ID2223

This repository contains solutions for the ID2223 Scalable Machine Learning and Deep Learning course at KTH.

Project

Description

This project is an advanced adaptation from the air quality prediction project found in Hopsworks Air Quality Tutorial

Similarly to the original Air Quality Project this project perdicts air quailty based on various weather metrics. This project however, aims to predict the air quality (by means of the PM10 metric) over the next 7 days (including today) across the country of Poland using solely weather forecast data as well as information about the cities, such as density of the population. The Goal is to be able to visualize how air quality metrics shift country-wide across multiple days in the future.

Link to public UI

A hosted public UI of the project can be found Here
Note: This project is not optimised for all Web Browsers e.g Safari, our testing was done on Google Chrome version: 108.0.5359.124.

https://erno98-id2223-air-qualitystreamlit-app-p8sjf5.streamlit.app/

Prerequisites

In order to run this project you will need to connect to a Hopswoks account which will provide you with a Hopsworks API Key. You will then export to your Hopsworks API Key as an environment variable in the project. This also follows for the API key for the weather data from Visual Crossing.

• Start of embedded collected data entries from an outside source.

(* Let $(M,g)$ be a complete oriented four-dimensional Einstein manifold with $\mathrm{Ric}=g$ whose sectional curvature satisfies $K\le \frac{\sqrt3}{2}$. Fix $o\in M$ and a Berger basis $\{e_1,\dots,e_4\}$ at $o$ (see context), and let $a_1,a_2,a_3,c_1,c_2,c_3$ and $I$ be defined from it as in the context. Suppose that at $o$ the minimal sectional curvature satisfies $K_{12}\le-\epsilon<0$ for some constant $\epsilon>0$. Then: (1) if $a_2\ge 0$ and $c_2\ge 0$, then $I\ge \frac{16}{3}\epsilon$; (2) if $a_2<0$ or $c_2<0$, then $I>\frac14\epsilon$.
   Context: Curvature conventions: $R_{ijkl}=R(e_i,e_j,e_k,e_l)$ with $K_{ij}=R_{ijij}$ the sectional curvature of the plane spanned by $e_i,e_j$. A Berger basis at $o$ is a positively oriented orthonormal basis $\{e_i\}$ of $T_oM$ such that: (1) $K_{12}=\min\{K(\pi):\pi\subset T_oM\}$; (2) $K_{14}=\max\{K(\pi):\pi\subset T_oM\}$; (3) $R_{ikjk}=0$ for all $i\ne j$; (4) $|R_{1342}-R_{1234}|\le K_{13}-K_{12}$, $|R_{1423}-R_{1342}|\le K_{14}-K_{13}$, $|R_{1423}-R_{1234}|\le K_{14}-K_{12}$ (such a basis exists at every point of an oriented Einstein four-manifold, by Berger). Define $a_1=2(K_{12}+R_{1234})$, $a_2=2(K_{13}+R_{1342})$, $a_3=2(K_{14}+R_{1423})$, $c_1=2(K_{12}-R_{1234})$, $c_2=2(K_{13}-R_{1342})$, $c_3=2(K_{14}-R_{1423})$; these are the eigenvalues of the curvature operator restricted to self-dual and anti-self-dual 2-forms respectively, with $a_1\le a_2\le a_3$ and $c_1\le c_2\le c_3$. Define $$I=(c_2-c_1)c_3+(c_3-c_1)c_2+(a_2-a_1)a_3+(a_3-a_1)a_2 .$$ *)

theory Defs
  imports Complex_Main
begin

text \<open>Pointwise (algebraic) model: the curvature tensor of (M,g) at the point o is
  given by its components R i j k l = R(e_i,e_j,e_k,e_l) with respect to a positively
  oriented orthonormal basis e_1,...,e_4 of T_oM, indices ranging over {1..4}.
  Tangent vectors at o are represented by their coordinate functions nat => real
  (only the values at 1..4 matter).\<close>

type_synonym curv = "nat \<Rightarrow> nat \<Rightarrow> nat \<Rightarrow> nat \<Rightarrow> real"

definition idx :: "nat set" where "idx = {1..4}"

definition curvature_tensor :: "curv \<Rightarrow> bool" where
  "curvature_tensor R \<longleftrightarrow>
     (\<forall>i\<in>idx. \<forall>j\<in>idx. \<forall>k\<in>idx. \<forall>l\<in>idx.
        R i j k l = - R j i k l \<and> R i j k l = - R i j l k \<and> R i j k l = R k l i j \<and>
        R i j k l + R j k i l + R k i j l = 0)"

definition Rform :: "curv \<Rightarrow> (nat \<Rightarrow> real) \<Rightarrow> (nat \<Rightarrow> real) \<Rightarrow> (nat \<Rightarrow> real) \<Rightarrow> (nat \<Rightarrow> real) \<Rightarrow> real" where
  "Rform R u v w z = (\<Sum>i\<in>idx. \<Sum>j\<in>idx. \<Sum>k\<in>idx. \<Sum>l\<in>idx. R i j k l * u i * v j * w k * z l)"

definition inner4 :: "(nat \<Rightarrow> real) \<Rightarrow> (nat \<Rightarrow> real) \<Rightarrow> real" where
  "inner4 u v = (\<Sum>i\<in>idx. u i * v i)"

definition orthonormal_pair :: "(nat \<Rightarrow> real) \<Rightarrow> (nat \<Rightarrow> real) \<Rightarrow> bool" where
  "orthonormal_pair u v \<longleftrightarrow> inner4 u u = 1 \<and> inner4 v v = 1 \<and> inner4 u v = 0"

definition sec :: "curv \<Rightarrow> (nat \<Rightarrow> real) \<Rightarrow> (nat \<Rightarrow> real) \<Rightarrow> real" where
  "sec R u v = Rform R u v u v"

definition Kc :: "curv \<Rightarrow> nat \<Rightarrow> nat \<Rightarrow> real" where
  "Kc R i j = R i j i j"

definition einstein_one :: "curv \<Rightarrow> bool" where
  "einstein_one R \<longleftrightarrow> (\<forall>i\<in>idx. \<forall>j\<in>idx. (\<Sum>k\<in>idx. R i k j k) = (if i = j then 1 else 0))"

definition berger_basis :: "curv \<Rightarrow> bool" where
  "berger_basis R \<longleftrightarrow>
     (\<forall>u v. orthonormal_pair u v \<longrightarrow> Kc R 1 2 \<le> sec R u v) \<and>
     (\<forall>u v. orthonormal_pair u v \<longrightarrow> sec R u v \<le> Kc R 1 4) \<and>
     (\<forall>i\<in>idx. \<forall>j\<in>idx. \<forall>k\<in>idx. i \<noteq> j \<longrightarrow> R i k j k = 0) \<and>
     \<bar>R 1 3 4 2 - R 1 2 3 4\<bar> \<le> Kc R 1 3 - Kc R 1 2 \<and>
     \<bar>R 1 4 2 3 - R 1 3 4 2\<bar> \<le> Kc R 1 4 - Kc R 1 3 \<and>
     \<bar>R 1 4 2 3 - R 1 2 3 4\<bar> \<le> Kc R 1 4 - Kc R 1 2"

definition a1 :: "curv \<Rightarrow> real" where "a1 R = 2 * (Kc R 1 2 + R 1 2 3 4)"
definition a2 :: "curv \<Rightarrow> real" where "a2 R = 2 * (Kc R 1 3 + R 1 3 4 2)"
definition a3 :: "curv \<Rightarrow> real" where "a3 R = 2 * (Kc R 1 4 + R 1 4 2 3)"
definition c1 :: "curv \<Rightarrow> real" where "c1 R = 2 * (Kc R 1 2 - R 1 2 3 4)"
definition c2 :: "curv \<Rightarrow> real" where "c2 R = 2 * (Kc R 1 3 - R 1 3 4 2)"
definition c3 :: "curv \<Rightarrow> real" where "c3 R = 2 * (Kc R 1 4 - R 1 4 2 3)"

definition Iq :: "curv \<Rightarrow> real" where
  "Iq R = (c2 R - c1 R) * c3 R + (c3 R - c1 R) * c2 R + (a2 R - a1 R) * a3 R + (a3 R - a1 R) * a2 R"

end

theory Submission
  imports Defs
begin

text \<open>The Einstein condition and the first Bianchi identity give \<open>a\<^sub>1 + a\<^sub>2 + a\<^sub>3 = c\<^sub>1 + c\<^sub>2 + c\<^sub>3 = 2\<close>,
  while \<open>a\<^sub>1 + c\<^sub>1 = 4K\<^sub>1\<^sub>2 \<le> -4\<epsilon>\<close> and \<open>a\<^sub>3 + c\<^sub>3 = 4K\<^sub>1\<^sub>4 \<le> 2\<surd>3\<close>. Each half of \<open>I\<close> equals
  \<open>2x\<^sub>2x\<^sub>3 + x\<^sub>1\<^sup>2 - 2x\<^sub>1\<close>, so if the middle eigenvalues are nonnegative then \<open>I \<ge> -2(a\<^sub>1 + c\<^sub>1) \<ge> 8\<epsilon>\<close>.
  If, say, \<open>a\<^sub>2 < 0\<close>, then \<open>I + (a\<^sub>1 + c\<^sub>1)/16\<close> is an explicit sum of terms that are nonnegative
  on the region cut out by the ordering and the two trace constraints, whence \<open>I > -K\<^sub>1\<^sub>2/4 \<ge> \<epsilon>/4\<close>.\<close>

definition gap_form :: "real \<Rightarrow> real \<Rightarrow> real \<Rightarrow> real" where
  "gap_form x1 x2 x3 = (x2 - x1) * x3 + (x3 - x1) * x2"

lemma Iq_eq_gap_form: "Iq R = gap_form (c1 R) (c2 R) (c3 R) + gap_form (a1 R) (a2 R) (a3 R)"
  by (simp add: Iq_def gap_form_def)

lemma gap_form_eq:
  assumes "x1 + x2 + x3 = 2"
  shows "gap_form x1 x2 x3 = 2 * x2 * x3 + x1\<^sup>2 - 2 * x1"
proof -
  have "x2 + x3 = 2 - x1" using assms by linarith
  then have "x1 * (x2 + x3) = x1 * (2 - x1)" by simp
  then show ?thesis by (simp add: gap_form_def power2_eq_square algebra_simps)
qed

lemma gap_form_ge:
  assumes "x1 + x2 + x3 = 2" "0 \<le> x2" "x2 \<le> x3"
  shows "gap_form x1 x2 x3 \<ge> - 2 * x1"
proof -
  have "0 \<le> x2 * x3" using assms(2,3) by simp
  then show ?thesis using gap_form_eq[OF assms(1)] by (simp add: add_increasing)
qed

lemma two_sqrt3_bounds: "3.4 < 2 * sqrt 3 \<and> 2 * sqrt 3 < (3.5::real)"
proof -
  have "(1.7::real) < sqrt 3" by (rule real_less_rsqrt) (simp add: power2_eq_square)
  moreover have "sqrt 3 < sqrt ((1.75::real)\<^sup>2)" by (simp only: real_sqrt_less_iff) (simp add: power2_eq_square)
  ultimately show ?thesis by simp
qed

text \<open>A positivity certificate: after multiplying by \<open>p\<close> (if \<open>3p \<le> 2s - 6\<close>) or by \<open>s - 3 - p/2\<close>
  (otherwise) the polynomial becomes a combination of products of nonnegative factors.\<close>

lemma quadratic_nonneg_on_region:
  fixes p q s :: real
  assumes s_sq: "s * s = 12" and s_gt: "3.4 < s" and s_lt: "s < 3.5"
    and q_pos: "0 < q" and q_le_p: "q \<le> p" and region: "p / 2 + q \<le> s - 3"
  shows "2*p*p - 4*p*q - 4*q*q + (2*s - 8)*p + (4*s - 16)*q + 12*s - 40 \<ge> 0"
    (is "?P \<ge> 0")
proof -
  define g where "g = 2*p*p + (2*s - 8)*p + 12*s - 40"
  have "g = 2 * (p + (s - 4) / 2)\<^sup>2 + (16*s - 54)"
    unfolding g_def using s_sq by (simp add: power2_eq_square field_simps)
  moreover have "16*s - 54 > 0" using s_gt by linarith
  ultimately have g_nonneg: "g \<ge> 0" by (simp add: add_nonneg_nonneg)
  have p_pos: "p > 0" using q_pos q_le_p by linarith
  show ?thesis
  proof (cases "3 * p \<le> 2*s - 6")
    case True
    define h where "h = -6*p*p + (6*s - 24)*p + 12*s - 40"
    have "3 * h = -2 * ((3*p - (2*s - 6)) * (3*p - (s - 6)))"
      unfolding h_def using s_sq by (simp add: algebra_simps)
    moreover have "(3*p - (2*s - 6)) * (3*p - (s - 6)) \<le> 0"
      using True p_pos s_lt by (intro mult_nonpos_nonneg) linarith+
    ultimately have "h \<ge> 0" by linarith
    moreover have "p * ?P = (p - q) * g + q * h + 4*p*q*(p - q)"
      unfolding g_def h_def by algebra
    ultimately have "p * ?P \<ge> 0" using g_nonneg q_le_p q_pos p_pos by simp
    then show ?thesis using p_pos by (simp add: zero_le_mult_iff)
  next
    case False
    define m where "m = s - 3 - p / 2"
    have q_le_m: "q \<le> m" using region m_def by linarith
    define h where "h = 3*p*p + 8*s - 28"
    have "3 * h = (3*p - (2*s - 6)) * (3*p + (2*s - 6))"
      unfolding h_def using s_sq by (simp add: algebra_simps)
    moreover have "(3*p - (2*s - 6)) * (3*p + (2*s - 6)) \<ge> 0"
      using False p_pos s_gt by (intro mult_nonneg_nonneg) linarith+
    ultimately have "h \<ge> 0" by linarith
    moreover have "m * ?P = (m - q) * g + q * h + 4*q*m*(m - q)"
      unfolding g_def h_def m_def using s_sq by (simp add: algebra_simps)
    ultimately have "m * ?P \<ge> 0" using g_nonneg q_le_m q_pos by simp
    then show ?thesis using q_pos q_le_m by (simp add: zero_le_mult_iff)
  qed
qed

lemma gap_form_sum_pos_of_neg_middle:
  fixes a1 a2 a3 c1 c2 c3 :: real
  assumes "a1 \<le> a2" "a2 \<le> a3" "c1 \<le> c2" "c2 \<le> c3"
    and a_sum: "a1 + a2 + a3 = 2" and c_sum: "c1 + c2 + c3 = 2"
    and top: "a3 + c3 \<le> 2 * sqrt 3" and bottom: "a1 + c1 < 0" and "a2 < 0"
  shows "gap_form a1 a2 a3 + gap_form c1 c2 c3 + (a1 + c1) / 16 > 0"
proof -
  define s :: real where "s = 2 * sqrt 3"
  have s_sq: "s * s = 12" and s_gt: "3.4 < s" and s_lt: "s < 3.5"
    using two_sqrt3_bounds unfolding s_def by simp_all
  define p q where "p = - a1" and "q = - a2"
  \<comment> \<open>\<open>m\<close> is the largest value \<open>c\<^sub>3\<close> can take, given \<open>a\<^sub>3 = 2 + p + q\<close>.\<close>
  define m where "m = s - 2 - p - q"
  have c3_le_m: "c3 \<le> m" using top a_sum unfolding m_def p_def q_def s_def by linarith
  have "p - c1 > 0" and q_pos: "q > 0" using bottom \<open>a2 < 0\<close> unfolding p_def q_def by linarith+
  moreover have "2 + 2*m - 1/16 - c1 - p > 0"
    using q_pos c3_le_m m_def assms(3,4) c_sum s_lt by linarith
  ultimately have pos: "(p - c1) * (2 + 2*m - 1/16 - c1 - p) > 0" by simp
  have nonneg: "(m - c3) * (m - c2) \<ge> 0" using c3_le_m assms(4) by simp
  have "q \<le> p" using assms(1) unfolding p_def q_def by linarith
  moreover have "p / 2 + q \<le> s - 3" using \<open>p - c1 > 0\<close> c3_le_m m_def assms(3,4) c_sum by linarith
  ultimately have poly: "2*p*p - 4*p*q - 4*q*q + (2*s - 8)*p + (4*s - 16)*q + 12*s - 40 \<ge> 0"
    by (rule quadratic_nonneg_on_region[OF s_sq s_gt s_lt q_pos])
  have "gap_form a1 a2 a3 + gap_form c1 c2 c3 + (a1 + c1) / 16
      = (2*p*p - 4*p*q - 4*q*q + (2*s - 8)*p + (4*s - 16)*q + 12*s - 40)
        + 2 * ((m - c3) * (m - c2)) + (p - c1) * (2 + 2*m - 1/16 - c1 - p)"
  proof -
    have eqs: "a1 = - p" "a2 = - q" "a3 = 2 + p + q" "c3 = 2 - c1 - c2"
      using a_sum c_sum unfolding p_def q_def by linarith+
    show ?thesis unfolding gap_form_def m_def eqs using s_sq by (simp add: field_simps)
  qed
  then show ?thesis using pos nonneg poly by linarith
qed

You will also be required to install existing Python libraries used in the project such as for example Streamlit (for details see requirements.txt).

Notes

If desired you can choose to export the collected weather data used for predictions as a CSV file by setting save_to_csv parameter to True when get_weather_data is called.

API optimizations were made to ensure that weather files are saved and used until a renewed API call is actually desired. This means the API for the weather data is only used at max once a day and only on the initial page load.

Models are saved locally after being collected from the Hopsworks model & feature store, meaning they're not downloaded every time the page is reloaded.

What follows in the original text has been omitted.